The expected answer is the set of lines in the data below between the line holding "by (simp add: lower_def d_def)" and the line holding "x + inner p", inclusive, written out exactly.

Collected data entries:

=-=-=-=-=

(* Let $\Omega$ be a finite-dimensional real Euclidean space, let $N \geq 1$, and let $f_1,\dots,f_N \colon \Omega \to \mathbb{R}$ be continuous convex functions, each of which is $\mu$-strongly convex for some $\mu > 0$. Let $\nu \in (0,\mu]$, fix an index $j \in \{1,\dots,N\}$ and a vector $\zeta_j \in \Omega$. Define $g_j(\theta) = f_j(\theta) - \frac{\nu}{2}\|\theta\|^2$ and \[ E^{j}(\theta) = f_j(\theta) - \nu \langle \zeta_j, \theta\rangle, \qquad E^{j}_{\mathrm{d}}(\xi) = g_j^*(\xi) + \frac{1}{2\nu}\|\xi - \nu \zeta_j\|^2 \qquad (\theta,\xi \in \Omega). \] If $\theta_j \in \Omega$ minimizes $E^{j}$ over $\Omega$, then $\xi_j = \nu(\zeta_j - \theta_j)$ minimizes $E^{j}_{\mathrm{d}}$ over $\Omega$, and moreover \[ E^{j}(\theta_j) + E^{j}_{\mathrm{d}}(\xi_j) = 0. \]
   Context: For a function $h \colon \Omega \to \mathbb{R}\cup\{+\infty\}$, $h^*(p) = \sup_{x\in\Omega}\{\langle p, x\rangle - h(x)\}$ denotes its Legendre--Fenchel conjugate. A function $h$ is $\mu$-strongly convex if $h - \frac{\mu}{2}\|\cdot\|^2$ is convex. In the paper $\zeta_j$ is the local control variate $\zeta_j^{(n)}$ of client $j$ at round $n$ of the algorithm DualFL; the statement holds for that vector, whatever it is. *)

theory Defs
  imports "HOL-Analysis.Analysis"
begin

definition fenchel_conj :: "('a::real_inner \<Rightarrow> real) \<Rightarrow> 'a \<Rightarrow> ereal" where
  "fenchel_conj h p = (SUP x\<in>UNIV. ereal (inner p x - h x))"

definition strongly_convex_on :: "real \<Rightarrow> ('a::real_inner) set \<Rightarrow> ('a \<Rightarrow> real) \<Rightarrow> bool" where
  "strongly_convex_on \<mu> S h \<longleftrightarrow> convex_on S (\<lambda>x. h x - \<mu> / 2 * (norm x)\<^sup>2)"

end

theory Submission
  imports Defs
begin

text \<open>The function \<open>g = f\<^sub>j - \<nu>/2 \<parallel>\<cdot>\<parallel>\<^sup>2\<close> is convex because \<open>\<nu> \<le> \<mu>\<close>, and the minimality of \<open>\<theta>\<^sub>j\<close>
  says that \<open>\<theta>\<^sub>j\<close> minimises \<open>g + \<nu>/2 \<parallel>\<cdot> - \<zeta>\<^sub>j\<parallel>\<^sup>2\<close>. The first-order optimality condition of this
  proximal problem makes \<open>\<xi>\<^sub>j = \<nu>(\<zeta>\<^sub>j - \<theta>\<^sub>j)\<close> a subgradient of \<open>g\<close> at \<open>\<theta>\<^sub>j\<close>, so the Fenchel--Young
  inequality is an equality at \<open>(\<theta>\<^sub>j, \<xi>\<^sub>j)\<close>; both claims then follow by completing a square.\<close>

lemma power2_norm_add_scaleR:
  fixes x d :: "'a::real_inner"
  shows "(norm (x + t *\<^sub>R d))\<^sup>2 = (norm x)\<^sup>2 + 2 * t * inner x d + t\<^sup>2 * (norm d)\<^sup>2"
  unfolding power2_norm_eq_inner
  by (simp add: inner_simps algebra_simps inner_commute power2_eq_square)

lemma convex_on_power2_norm:
  assumes "convex S"
  shows "convex_on S (\<lambda>x::'a::real_inner. (norm x)\<^sup>2)"
proof (rule convex_onI[OF _ assms])
  fix t :: real and x y :: 'a
  assume "0 < t" "t < 1"
  have "(norm ((1 - t) *\<^sub>R x + t *\<^sub>R y))\<^sup>2
      = (1 - t) * (norm x)\<^sup>2 + t * (norm y)\<^sup>2 - t * (1 - t) * (norm (x - y))\<^sup>2"
    unfolding power2_norm_eq_inner by (simp add: inner_simps algebra_simps inner_commute)
  moreover have "0 \<le> t * (1 - t) * (norm (x - y))\<^sup>2"
    using \<open>0 < t\<close> \<open>t < 1\<close> by simp
  ultimately show "(norm ((1 - t) *\<^sub>R x + t *\<^sub>R y))\<^sup>2 \<le> (1 - t) * (norm x)\<^sup>2 + t * (norm y)\<^sup>2"
    by linarith
qed

lemma strongly_convex_on_mono:
  assumes "strongly_convex_on \<mu> S h" and "\<nu> \<le> \<mu>"
  shows "strongly_convex_on \<nu> S h"
proof -
  have "convex_on S (\<lambda>x. (h x - \<mu> / 2 * (norm x)\<^sup>2) + (\<mu> - \<nu>) / 2 * (norm x)\<^sup>2)"
    using assms convex_on_power2_norm[OF convex_on_imp_convex]
    by (intro convex_on_add convex_on_cmul) (auto simp: strongly_convex_on_def)
  moreover have "(\<lambda>x. (h x - \<mu> / 2 * (norm x)\<^sup>2) + (\<mu> - \<nu>) / 2 * (norm x)\<^sup>2)
      = (\<lambda>x. h x - \<nu> / 2 * (norm x)\<^sup>2)"
    by (simp add: fun_eq_iff field_simps)
  ultimately show ?thesis
    by (simp add: strongly_convex_on_def)
qed

text \<open>Compare \<open>x\<^sub>0\<close> with \<open>x\<^sub>0 + t(x - x\<^sub>0)\<close>, use convexity of \<open>g\<close> on the segment, divide by \<open>t\<close>
  and let \<open>t \<rightarrow> 0\<^sup>+\<close>.\<close>

lemma convex_on_prox_subgradient:
  fixes g :: "'a::real_inner \<Rightarrow> real"
  assumes "convex_on UNIV g"
    and prox: "\<And>x. g x\<^sub>0 + \<nu> / 2 * (norm (x\<^sub>0 - c))\<^sup>2 \<le> g x + \<nu> / 2 * (norm (x - c))\<^sup>2"
  shows "g x\<^sub>0 + inner (\<nu> *\<^sub>R (c - x\<^sub>0)) (x - x\<^sub>0) \<le> g x"
proof -
  define d where "d = x - x\<^sub>0"
  define lower where "lower t = g x\<^sub>0 + \<nu> * inner (c - x\<^sub>0) d - t * (\<nu> / 2 * (norm d)\<^sup>2)" for t
  have "lower t \<le> g x" if "0 < t" "t < 1" for t
  proof -
    have "g (x\<^sub>0 + t *\<^sub>R d) \<le> (1 - t) * g x\<^sub>0 + t * g x"
      using convex_onD[OF assms(1), of t x\<^sub>0 x] that
      by (simp add: d_def algebra_simps)
    moreover have "g x\<^sub>0 + \<nu> / 2 * (norm (x\<^sub>0 - c))\<^sup>2
        \<le> g (x\<^sub>0 + t *\<^sub>R d) + \<nu> / 2 * (norm ((x\<^sub>0 - c) + t *\<^sub>R d))\<^sup>2"
      using prox[of "x\<^sub>0 + t *\<^sub>R d"] by (simp add: algebra_simps)
    ultimately have "t * lower t \<le> t * g x"
      unfolding lower_def power2_norm_add_scaleR
      by (simp add: algebra_simps inner_commute power2_eq_square)
    then show ?thesis
      using \<open>0 < t\<close> by simp
  qed
  then have "eventually (\<lambda>t. lower t \<le> g x) (at_right 0)"
    unfolding eventually_at_right_field by (intro exI[of _ 1]) auto
  moreover have "(lower \<longlongrightarrow> lower 0) (at_right 0)"
    unfolding lower_def by (intro tendsto_intros)
  ultimately have "lower 0 \<le> g x"
    by (intro tendsto_le[OF trivial_limit_at_right_real tendsto_const])
  then show ?thesis
    by (simp add: lower_def d_def)
qed

lemma fenchel_young:
  "ereal (inner p x - h x) \<le> fenchel_conj h p"
  unfolding fenchel_conj_def by (rule SUP_upper) simp

lemma fenchel_conj_eq_if_subgradient:
  assumes "\<And>y. h x + inner p (y - x) \<le> h y"
  shows "fenchel_conj h p = ereal (inner p x - h x)"
proof (rule antisym)
  show "fenchel_conj h p \<le> ereal (inner p x - h x)"
  proof (unfold fenchel_conj_def, rule SUP_least)
    fix y
    show "ereal (inner p y - h y) \<le> ereal (inner p x - h x)"
      using assms[of y] by (simp add: inner_diff_right)
  qed
qed (rule fenchel_young)

lemma inner_add_power2_norm_complete_square:
  fixes \<xi> x a :: "'a::real_inner" and \<nu> :: real
  assumes "\<nu> \<noteq> 0"
  shows "inner \<xi> x + 1 / (2 * \<nu>) * (norm (\<xi> - a))\<^sup>2
    = 1 / (2 * \<nu>) * (norm (\<xi> - (a - \<nu> *\<^sub>R x)))\<^sup>2 + inner a x - \<nu> / 2 * (norm x)\<^sup>2"
  using assms unfolding power2_norm_eq_inner
  by (simp add: inner_simps inner_commute field_simps power2_eq_square)

text \<open>Fenchel--Young bounds the dual energy below by a quadratic minimised at \<open>a - \<nu>x\<close>, and
  the subgradient hypothesis makes the bound attained there.\<close>

lemma fenchel_conj_add_power2_norm_minimal:
  fixes h :: "'a::real_inner \<Rightarrow> real"
  assumes "0 < \<nu>" and subgradient: "\<And>y. h x + inner (a - \<nu> *\<^sub>R x) (y - x) \<le> h y"
  defines "Ed \<equiv> \<lambda>\<xi>. fenchel_conj h \<xi> + ereal (1 / (2 * \<nu>) * (norm (\<xi> - a))\<^sup>2)"
  shows "Ed (a - \<nu> *\<^sub>R x) \<le> Ed \<xi>"
    and "Ed (a - \<nu> *\<^sub>R x) = ereal (inner a x - \<nu> / 2 * (norm x)\<^sup>2 - h x)"
proof -
  define lower where "lower \<xi> = inner \<xi> x - h x + 1 / (2 * \<nu>) * (norm (\<xi> - a))\<^sup>2" for \<xi>
  have lower_eq: "lower \<xi> = 1 / (2 * \<nu>) * (norm (\<xi> - (a - \<nu> *\<^sub>R x)))\<^sup>2
      + (inner a x - \<nu> / 2 * (norm x)\<^sup>2 - h x)" for \<xi>
    using inner_add_power2_norm_complete_square[of \<nu> \<xi> x a] \<open>0 < \<nu>\<close> by (simp add: lower_def)
  have "Ed (a - \<nu> *\<^sub>R x) = ereal (lower (a - \<nu> *\<^sub>R x))"
    using fenchel_conj_eq_if_subgradient[OF subgradient] by (simp add: Ed_def lower_def)
  also have "\<dots> \<le> ereal (lower \<xi>)"
    using lower_eq \<open>0 < \<nu>\<close> by simp
  also have "\<dots> = ereal (inner \<xi> x - h x) + ereal (1 / (2 * \<nu>) * (norm (\<xi> - a))\<^sup>2)"
    by (simp add: lower_def)
  also have "\<dots> \<le> Ed \<xi>"
    unfolding Ed_def by (intro add_right_mono fenchel_young)
  finally show "Ed (a - \<nu> *\<^sub>R x) \<le> Ed \<xi>" .
  show "Ed (a - \<nu> *\<^sub>R x) = ereal (inner a x - \<nu> / 2 * (norm x)\<^sup>2 - h x)"
    using fenchel_conj_eq_if_subgradient[OF subgradient] lower_eq[of "a - \<nu> *\<^sub>R x"]
    by (simp add: Ed_def lower_def)
qed

theorem proposition3p1:
  fixes f :: "nat \<Rightarrow> 'a::euclidean_space \<Rightarrow> real"
    and N j :: nat and \<mu> \<nu> :: real and \<zeta>j \<theta>j :: 'a
  assumes "N \<ge> 1"
    and cont: "\<forall>i\<in>{1..N}. continuous_on UNIV (f i)"
    and cvx: "\<forall>i\<in>{1..N}. convex_on UNIV (f i)"
    and "\<mu> > 0"
    and sc: "\<forall>i\<in>{1..N}. strongly_convex_on \<mu> UNIV (f i)"
    and "0 < \<nu>" and "\<nu> \<le> \<mu>"
    and "j \<in> {1..N}"
    and minE: "\<forall>\<theta>. f j \<theta>j - \<nu> * inner \<zeta>j \<theta>j \<le> f j \<theta> - \<nu> * inner \<zeta>j \<theta>"
  shows "(let g = (\<lambda>\<theta>. f j \<theta> - \<nu> / 2 * (norm \<theta>)\<^sup>2);
              Ed = (\<lambda>\<xi>. fenchel_conj g \<xi> + ereal (1 / (2 * \<nu>) * (norm (\<xi> - \<nu> *\<^sub>R \<zeta>j))\<^sup>2));
              \<xi>j = \<nu> *\<^sub>R (\<zeta>j - \<theta>j)
          in (\<forall>\<xi>. Ed \<xi>j \<le> Ed \<xi>) \<and>
             ereal (f j \<theta>j - \<nu> * inner \<zeta>j \<theta>j) + Ed \<xi>j = 0)"
proof -
  define g where "g \<theta> = f j \<theta> - \<nu> / 2 * (norm \<theta>)\<^sup>2" for \<theta>
  have "strongly_convex_on \<nu> UNIV (f j)"
    using strongly_convex_on_mono sc \<open>j \<in> {1..N}\<close> \<open>\<nu> \<le> \<mu>\<close> by blast
  then have "convex_on UNIV g"
    by (simp add: g_def[abs_def] strongly_convex_on_def)
  moreover have "g \<theta>j + \<nu> / 2 * (norm (\<theta>j - \<zeta>j))\<^sup>2 \<le> g \<theta> + \<nu> / 2 * (norm (\<theta> - \<zeta>j))\<^sup>2" for \<theta>
  proof -
    have "g \<theta> + \<nu> / 2 * (norm (\<theta> - \<zeta>j))\<^sup>2 = f j \<theta> - \<nu> * inner \<zeta>j \<theta> + \<nu> / 2 * (norm \<zeta>j)\<^sup>2" for \<theta>
      unfolding g_def power2_norm_eq_inner by (simp add: inner_simps inner_commute algebra_simps)
    then show ?thesis
      using minE by simp
  qed
  ultimately have "g \<theta>j + inner (\<nu> *\<^sub>R \<zeta>j - \<nu> *\<^sub>R \<theta>j) (\<theta> - \<theta>j) \<le> g \<theta>" for \<theta>
    using convex_on_prox_subgradient[where c = \<zeta>j] by (simp add: scaleR_diff_right)
  note dual = fenchel_conj_add_power2_norm_minimal[OF \<open>0 < \<nu>\<close> this]
  have "\<nu> *\<^sub>R (\<zeta>j - \<theta>j) = \<nu> *\<^sub>R \<zeta>j - \<nu> *\<^sub>R \<theta>j"
    by (simp add: scaleR_diff_right)
  then show ?thesis
    unfolding Let_def g_def[symmetric, abs_def] using dual by (simp add: g_def[of \<theta>j])
qed

end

=-=-=-=-=

*Result*
    by (simp add: lower_def d_def)
qed

lemma fenchel_young:
  "ereal (inner p x - h x) \<le> fenchel_conj h p"
  unfolding fenchel_conj_def by (rule SUP_upper) simp

lemma fenchel_conj_eq_if_subgradient:
  assumes "\<And>y. h x + inner p (y - x) \<le> h y"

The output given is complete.